Exercise description:
Retype, word for word, every line of the records below starting at the one that contains "theory Defs" and ending at the one that contains "(\<forall>a\<in>M. \<forall>g\<in>G. \<forall>b\<in>M."; include both of those lines and nothing more.

- Opening Delimiter -

(* Let $M$ be a $po$-$\Gamma$-semigroup. If $M$ is completely regular, then $B=(B\Gamma B]$ for every bi-ideal $B$ of $M$. Conversely, if $B=(B\Gamma B]$ for every bi-ideal $B$ of $M$, then $M$ is regular.
   Context: A $po$-$\Gamma$-semigroup is a triple $(M,\Gamma,\le)$ where $M,\Gamma$ are nonempty sets with a map $M\times\Gamma\times M\to M$, $(a,\gamma,b)\mapsto a\gamma b$, satisfying $(a\gamma b)\mu c=a\gamma(b\mu c)$ for all $a,b,c\in M$, $\gamma,\mu\in\Gamma$, and $\le$ is a partial order on $M$ such that $a\le b$ implies $a\gamma c\le b\gamma c$ and $c\gamma a\le c\gamma b$ for all $c\in M$, $\gamma\in\Gamma$. For $A,B\subseteq M$, $A\Gamma B=\{a\gamma b: a\in A,\gamma\in\Gamma,b\in B\}$ (with $a\Gamma B$ meaning $\{a\}\Gamma B$, etc.), and $(A]=\{t\in M: t\le a \text{ for some } a\in A\}$. $M$ is regular if $a\in(a\Gamma M\Gamma a]$ for all $a\in M$; left regular if $a\in(M\Gamma a\Gamma a]$ for all $a\in M$; right regular if $a\in(a\Gamma a\Gamma M]$ for all $a\in M$; completely regular if it is regular, left regular and right regular. A bi-ideal of $M$ is a nonempty subset $B\subseteq M$ such that $B\Gamma M\Gamma B\subseteq B$ and, whenever $a\in B$, $b\in M$ and $b\le a$, then $b\in B$. *)

theory Defs
  imports Main
begin

definition po_gamma_semigroup ::
  "'m set \<Rightarrow> 'g set \<Rightarrow> ('m \<Rightarrow> 'g \<Rightarrow> 'm \<Rightarrow> 'm) \<Rightarrow> ('m \<Rightarrow> 'm \<Rightarrow> bool) \<Rightarrow> bool" where
  "po_gamma_semigroup M G op le \<longleftrightarrow>
     M \<noteq> {} \<and> G \<noteq> {} \<and>
     (\<forall>a\<in>M. \<forall>g\<in>G. \<forall>b\<in>M. op a g b \<in> M) \<and>
     (\<forall>a\<in>M. \<forall>b\<in>M. \<forall>c\<in>M. \<forall>g\<in>G. \<forall>m\<in>G. op (op a g b) m c = op a g (op b m c)) \<and>
     (\<forall>a\<in>M. le a a) \<and>
     (\<forall>a\<in>M. \<forall>b\<in>M. le a b \<and> le b a \<longrightarrow> a = b) \<and>
     (\<forall>a\<in>M. \<forall>b\<in>M. \<forall>c\<in>M. le a b \<and> le b c \<longrightarrow> le a c) \<and>
     (\<forall>a\<in>M. \<forall>b\<in>M. le a b \<longrightarrow> (\<forall>c\<in>M. \<forall>g\<in>G. le (op a g c) (op b g c) \<and> le (op c g a) (op c g b)))"

definition gprod :: "('m \<Rightarrow> 'g \<Rightarrow> 'm \<Rightarrow> 'm) \<Rightarrow> 'm set \<Rightarrow> 'g set \<Rightarrow> 'm set \<Rightarrow> 'm set" where
  "gprod op A G B = {op a g b | a g b. a \<in> A \<and> g \<in> G \<and> b \<in> B}"

definition down :: "'m set \<Rightarrow> ('m \<Rightarrow> 'm \<Rightarrow> bool) \<Rightarrow> 'm set \<Rightarrow> 'm set" where
  "down M le A = {t \<in> M. \<exists>a\<in>A. le t a}"

definition regular_pogs where
  "regular_pogs M G op le \<longleftrightarrow>
     (\<forall>a\<in>M. a \<in> down M le (gprod op (gprod op {a} G M) G {a}))"

definition left_regular_pogs where
  "left_regular_pogs M G op le \<longleftrightarrow>
     (\<forall>a\<in>M. a \<in> down M le (gprod op (gprod op M G {a}) G {a}))"

definition right_regular_pogs where
  "right_regular_pogs M G op le \<longleftrightarrow>
     (\<forall>a\<in>M. a \<in> down M le (gprod op (gprod op {a} G {a}) G M))"

definition completely_regular_pogs where
  "completely_regular_pogs M G op le \<longleftrightarrow>
     regular_pogs M G op le \<and> left_regular_pogs M G op le \<and> right_regular_pogs M G op le"

definition bi_ideal where
  "bi_ideal M G op le B \<longleftrightarrow>
     B \<subseteq> M \<and> B \<noteq> {} \<and>
     gprod op (gprod op B G M) G B \<subseteq> B \<and>
     (\<forall>a\<in>B. \<forall>b\<in>M. le b a \<longrightarrow> b \<in> B)"

end

theory Submission
  imports Defs
begin

text \<open>
  If \<open>M\<close> is right regular, a bi-ideal \<open>B\<close> is closed under \<open>\<Gamma>\<close>: from \<open>b \<le> b\<alpha>b\<beta>x\<close> we get
  \<open>b\<gamma>c \<le> b\<alpha>(b\<beta>x)\<gamma>c \<in> B\<Gamma>M\<Gamma>B \<subseteq> B\<close>, so \<open>(B\<Gamma>B] \<subseteq> B\<close>. Regularity and left regularity
  give \<open>b \<le> b\<alpha>x\<beta>b \<le> b\<alpha>x\<beta>(y\<epsilon>b\<mu>b) = (b\<alpha>(x\<beta>y)\<epsilon>b)\<mu>b \<in> B\<Gamma>B\<close>, so \<open>B \<subseteq> (B\<Gamma>B]\<close>.

  Conversely, apply the hypothesis to the bi-ideal \<open>B = ({a} \<union> a\<Gamma>M\<Gamma>a]\<close> generated by \<open>a\<close>:
  using \<open>B = (B\<Gamma>B]\<close> twice, \<open>a \<in> B \<subseteq> (B\<Gamma>B\<Gamma>B\<Gamma>B] \<subseteq> (B\<Gamma>M\<Gamma>B] \<subseteq> (a\<Gamma>M\<Gamma>a]\<close>.
\<close>

lemma gprod_mono: "A \<subseteq> A' \<Longrightarrow> B \<subseteq> B' \<Longrightarrow> gprod op A G B \<subseteq> gprod op A' G B'"
  unfolding gprod_def by blast

lemma gprod_Un_left: "gprod op (A \<union> A') G B = gprod op A G B \<union> gprod op A' G B"
  unfolding gprod_def by blast

lemma gprod_Un_right: "gprod op A G (B \<union> B') = gprod op A G B \<union> gprod op A G B'"
  unfolding gprod_def by blast

lemma down_mono: "A \<subseteq> B \<Longrightarrow> down M le A \<subseteq> down M le B"
  unfolding down_def by blast

locale preordered_gamma_semigroup =
  fixes M :: "'m set" and G :: "'g set" and op :: "'m \<Rightarrow> 'g \<Rightarrow> 'm \<Rightarrow> 'm"
    and le :: "'m \<Rightarrow> 'm \<Rightarrow> bool"
  assumes op_closed [simp]: "\<lbrakk>a \<in> M; \<gamma> \<in> G; b \<in> M\<rbrakk> \<Longrightarrow> op a \<gamma> b \<in> M"
    and op_assoc:
      "\<lbrakk>a \<in> M; b \<in> M; c \<in> M; \<gamma> \<in> G; \<mu> \<in> G\<rbrakk> \<Longrightarrow> op (op a \<gamma> b) \<mu> c = op a \<gamma> (op b \<mu> c)"
    and refl_le: "a \<in> M \<Longrightarrow> le a a"
    and trans_le: "\<lbrakk>a \<in> M; b \<in> M; c \<in> M; le a b; le b c\<rbrakk> \<Longrightarrow> le a c"
    and op_mono_left: "\<lbrakk>a \<in> M; b \<in> M; c \<in> M; \<gamma> \<in> G; le a b\<rbrakk> \<Longrightarrow> le (op a \<gamma> c) (op b \<gamma> c)"
    and op_mono_right: "\<lbrakk>a \<in> M; b \<in> M; c \<in> M; \<gamma> \<in> G; le a b\<rbrakk> \<Longrightarrow> le (op c \<gamma> a) (op c \<gamma> b)"

lemma preordered_gamma_semigroup_if_po_gamma_semigroup:
  assumes "po_gamma_semigroup M G op le"
  shows "preordered_gamma_semigroup M G op le"
proof -
  note ax = assms[unfolded po_gamma_semigroup_def]
  have closed: "\<forall>a\<in>M. \<forall>\<gamma>\<in>G. \<forall>b\<in>M. op a \<gamma> b \<in> M"
    using ax by (elim conjE) assumption
  have assoc: "\<forall>a\<in>M. \<forall>b\<in>M. \<forall>c\<in>M. \<forall>\<gamma>\<in>G. \<forall>\<mu>\<in>G. op (op a \<gamma> b) \<mu> c = op a \<gamma> (op b \<mu> c)"
    using ax by (elim conjE) assumption
  have refl: "\<forall>a\<in>M. le a a"
    using ax by (elim conjE) assumption
  have trans: "\<forall>a\<in>M. \<forall>b\<in>M. \<forall>c\<in>M. le a b \<and> le b c \<longrightarrow> le a c"
    using ax by (elim conjE) assumption
  have mono: "\<forall>a\<in>M. \<forall>b\<in>M. le a b \<longrightarrow>
      (\<forall>c\<in>M. \<forall>\<gamma>\<in>G. le (op a \<gamma> c) (op b \<gamma> c) \<and> le (op c \<gamma> a) (op c \<gamma> b))"
    using ax by (elim conjE) assumption
  show ?thesis
    by unfold_locales (use closed assoc refl trans mono in blast)+
qed

context preordered_gamma_semigroup
begin

abbreviation gmul :: "'m set \<Rightarrow> 'm set \<Rightarrow> 'm set" (infixl "\<cdot>" 70)
  where "A \<cdot> B \<equiv> gprod op A G B"

abbreviation downset :: "'m set \<Rightarrow> 'm set" ("\<down>_" [90] 90)
  where "\<down>A \<equiv> down M le A"

lemma op_mono:
  assumes "a \<in> M" "b \<in> M" "c \<in> M" "d \<in> M" "\<gamma> \<in> G" "le a b" "le c d"
  shows "le (op a \<gamma> c) (op b \<gamma> d)"
  using assms op_mono_left op_mono_right by (meson op_closed trans_le)

lemma gprod_subset: "A \<subseteq> M \<Longrightarrow> B \<subseteq> M \<Longrightarrow> A \<cdot> B \<subseteq> M"
  unfolding gprod_def using op_closed by blast

lemma gprod_assoc:
  assumes "A \<subseteq> M" "B \<subseteq> M" "C \<subseteq> M"
  shows "A \<cdot> B \<cdot> C = A \<cdot> (B \<cdot> C)"
proof -
  have "op (op a \<gamma> b) \<mu> c = op a \<gamma> (op b \<mu> c)"
    if "a \<in> A" "b \<in> B" "c \<in> C" "\<gamma> \<in> G" "\<mu> \<in> G" for a b c \<gamma> \<mu>
    using that assms by (blast intro: op_assoc)
  then show ?thesis
    unfolding gprod_def by (auto; metis)
qed

lemma down_subset: "\<down>A \<subseteq> M"
  unfolding down_def by blast

lemma down_down: "A \<subseteq> M \<Longrightarrow> \<down>\<down>A = \<down>A"
  unfolding down_def by (auto intro: trans_le refl_le)

lemma down_carrier: "\<down>M = M"
  unfolding down_def by (auto intro: refl_le)

lemma gprod_down: "A \<subseteq> M \<Longrightarrow> B \<subseteq> M \<Longrightarrow> \<down>A \<cdot> \<down>B \<subseteq> \<down>(A \<cdot> B)"
proof
  fix x assume "x \<in> \<down>A \<cdot> \<down>B" "A \<subseteq> M" "B \<subseteq> M"
  then obtain a' b' a b \<gamma> where "x = op a' \<gamma> b'" "\<gamma> \<in> G" "a' \<in> M" "b' \<in> M"
    "a \<in> A" "b \<in> B" "le a' a" "le b' b"
    unfolding down_def gprod_def by blast
  moreover from this have "le x (op a \<gamma> b)"
    using \<open>A \<subseteq> M\<close> \<open>B \<subseteq> M\<close> by (auto intro: op_mono)
  ultimately show "x \<in> \<down>(A \<cdot> B)"
    unfolding down_def gprod_def by auto
qed

lemma gprod_down_carrier:
  assumes "A \<subseteq> M" "B \<subseteq> M"
  shows "\<down>A \<cdot> M \<cdot> \<down>B \<subseteq> \<down>(A \<cdot> M \<cdot> B)"
proof -
  have "\<down>A \<cdot> M \<cdot> \<down>B \<subseteq> \<down>(A \<cdot> M) \<cdot> \<down>B"
    using gprod_down[OF assms(1), of M] by (simp add: down_carrier gprod_mono)
  also have "\<dots> \<subseteq> \<down>(A \<cdot> M \<cdot> B)"
    using assms by (simp add: gprod_down gprod_subset)
  finally show ?thesis .
qed

lemma bi_ideal_down: "bi_ideal M G op le B \<Longrightarrow> \<down>B = B"
  unfolding bi_ideal_def down_def by (auto intro: refl_le)

lemma bi_idealI:
  "\<lbrakk>B \<subseteq> M; B \<noteq> {}; B \<cdot> M \<cdot> B \<subseteq> B; \<down>B \<subseteq> B\<rbrakk> \<Longrightarrow> bi_ideal M G op le B"
  unfolding bi_ideal_def down_def by blast

lemma regularE:
  assumes "regular_pogs M G op le" "a \<in> M"
  obtains \<alpha> \<beta> x where "\<alpha> \<in> G" "\<beta> \<in> G" "x \<in> M" "le a (op (op a \<alpha> x) \<beta> a)"
  using assms unfolding regular_pogs_def down_def gprod_def by blast

lemma left_regularE:
  assumes "left_regular_pogs M G op le" "a \<in> M"
  obtains \<alpha> \<beta> x where "\<alpha> \<in> G" "\<beta> \<in> G" "x \<in> M" "le a (op (op x \<alpha> a) \<beta> a)"
  using assms unfolding left_regular_pogs_def down_def gprod_def by blast

lemma right_regularE:
  assumes "right_regular_pogs M G op le" "a \<in> M"
  obtains \<alpha> \<beta> x where "\<alpha> \<in> G" "\<beta> \<in> G" "x \<in> M" "le a (op (op a \<alpha> a) \<beta> x)"
  using assms unfolding right_regular_pogs_def down_def gprod_def by blast

lemma bi_ideal_subset: "bi_ideal M G op le B \<Longrightarrow> B \<subseteq> M"
  unfolding bi_ideal_def by blast

lemma bi_ideal_sandwich:
  "\<lbrakk>bi_ideal M G op le B; b \<in> B; x \<in> M; c \<in> B; \<gamma> \<in> G; \<mu> \<in> G\<rbrakk> \<Longrightarrow> op (op b \<gamma> x) \<mu> c \<in> B"
  unfolding bi_ideal_def gprod_def by blast

lemma bi_ideal_downward_closed: "\<lbrakk>bi_ideal M G op le B; b \<in> B; x \<in> M; le x b\<rbrakk> \<Longrightarrow> x \<in> B"
  unfolding bi_ideal_def by blast

lemma right_regular_bi_ideal_gprod_closed:
  assumes rr: "right_regular_pogs M G op le" and B: "bi_ideal M G op le B"
  shows "B \<cdot> B \<subseteq> B"
proof
  fix t assume "t \<in> B \<cdot> B"
  then obtain b \<gamma> c where t: "t = op b \<gamma> c" "b \<in> B" "\<gamma> \<in> G" "c \<in> B"
    unfolding gprod_def by blast
  have bc: "b \<in> M" "c \<in> M"
    using B t bi_ideal_subset by blast+
  obtain \<alpha> \<beta> x where x: "\<alpha> \<in> G" "\<beta> \<in> G" "x \<in> M" "le b (op (op b \<alpha> b) \<beta> x)"
    using rr bc right_regularE by blast
  define d where "d = op (op b \<alpha> (op b \<beta> x)) \<gamma> c"
  have "le t (op (op (op b \<alpha> b) \<beta> x) \<gamma> c)"
    using t bc x by (simp add: op_mono_left)
  also have "op (op (op b \<alpha> b) \<beta> x) \<gamma> c = d"
    unfolding d_def using bc x by (simp add: op_assoc)
  finally have "le t d" .
  moreover have "d \<in> B"
    unfolding d_def using B t bc x by (simp add: bi_ideal_sandwich)
  ultimately show "t \<in> B"
    using B t bc by (simp add: bi_ideal_downward_closed)
qed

- Closing Delimiter -

Exercise answer:
theory Defs
  imports Main
begin

definition po_gamma_semigroup ::
  "'m set \<Rightarrow> 'g set \<Rightarrow> ('m \<Rightarrow> 'g \<Rightarrow> 'm \<Rightarrow> 'm) \<Rightarrow> ('m \<Rightarrow> 'm \<Rightarrow> bool) \<Rightarrow> bool" where
  "po_gamma_semigroup M G op le \<longleftrightarrow>
     M \<noteq> {} \<and> G \<noteq> {} \<and>
     (\<forall>a\<in>M. \<forall>g\<in>G. \<forall>b\<in>M. op a g b \<in> M) \<and>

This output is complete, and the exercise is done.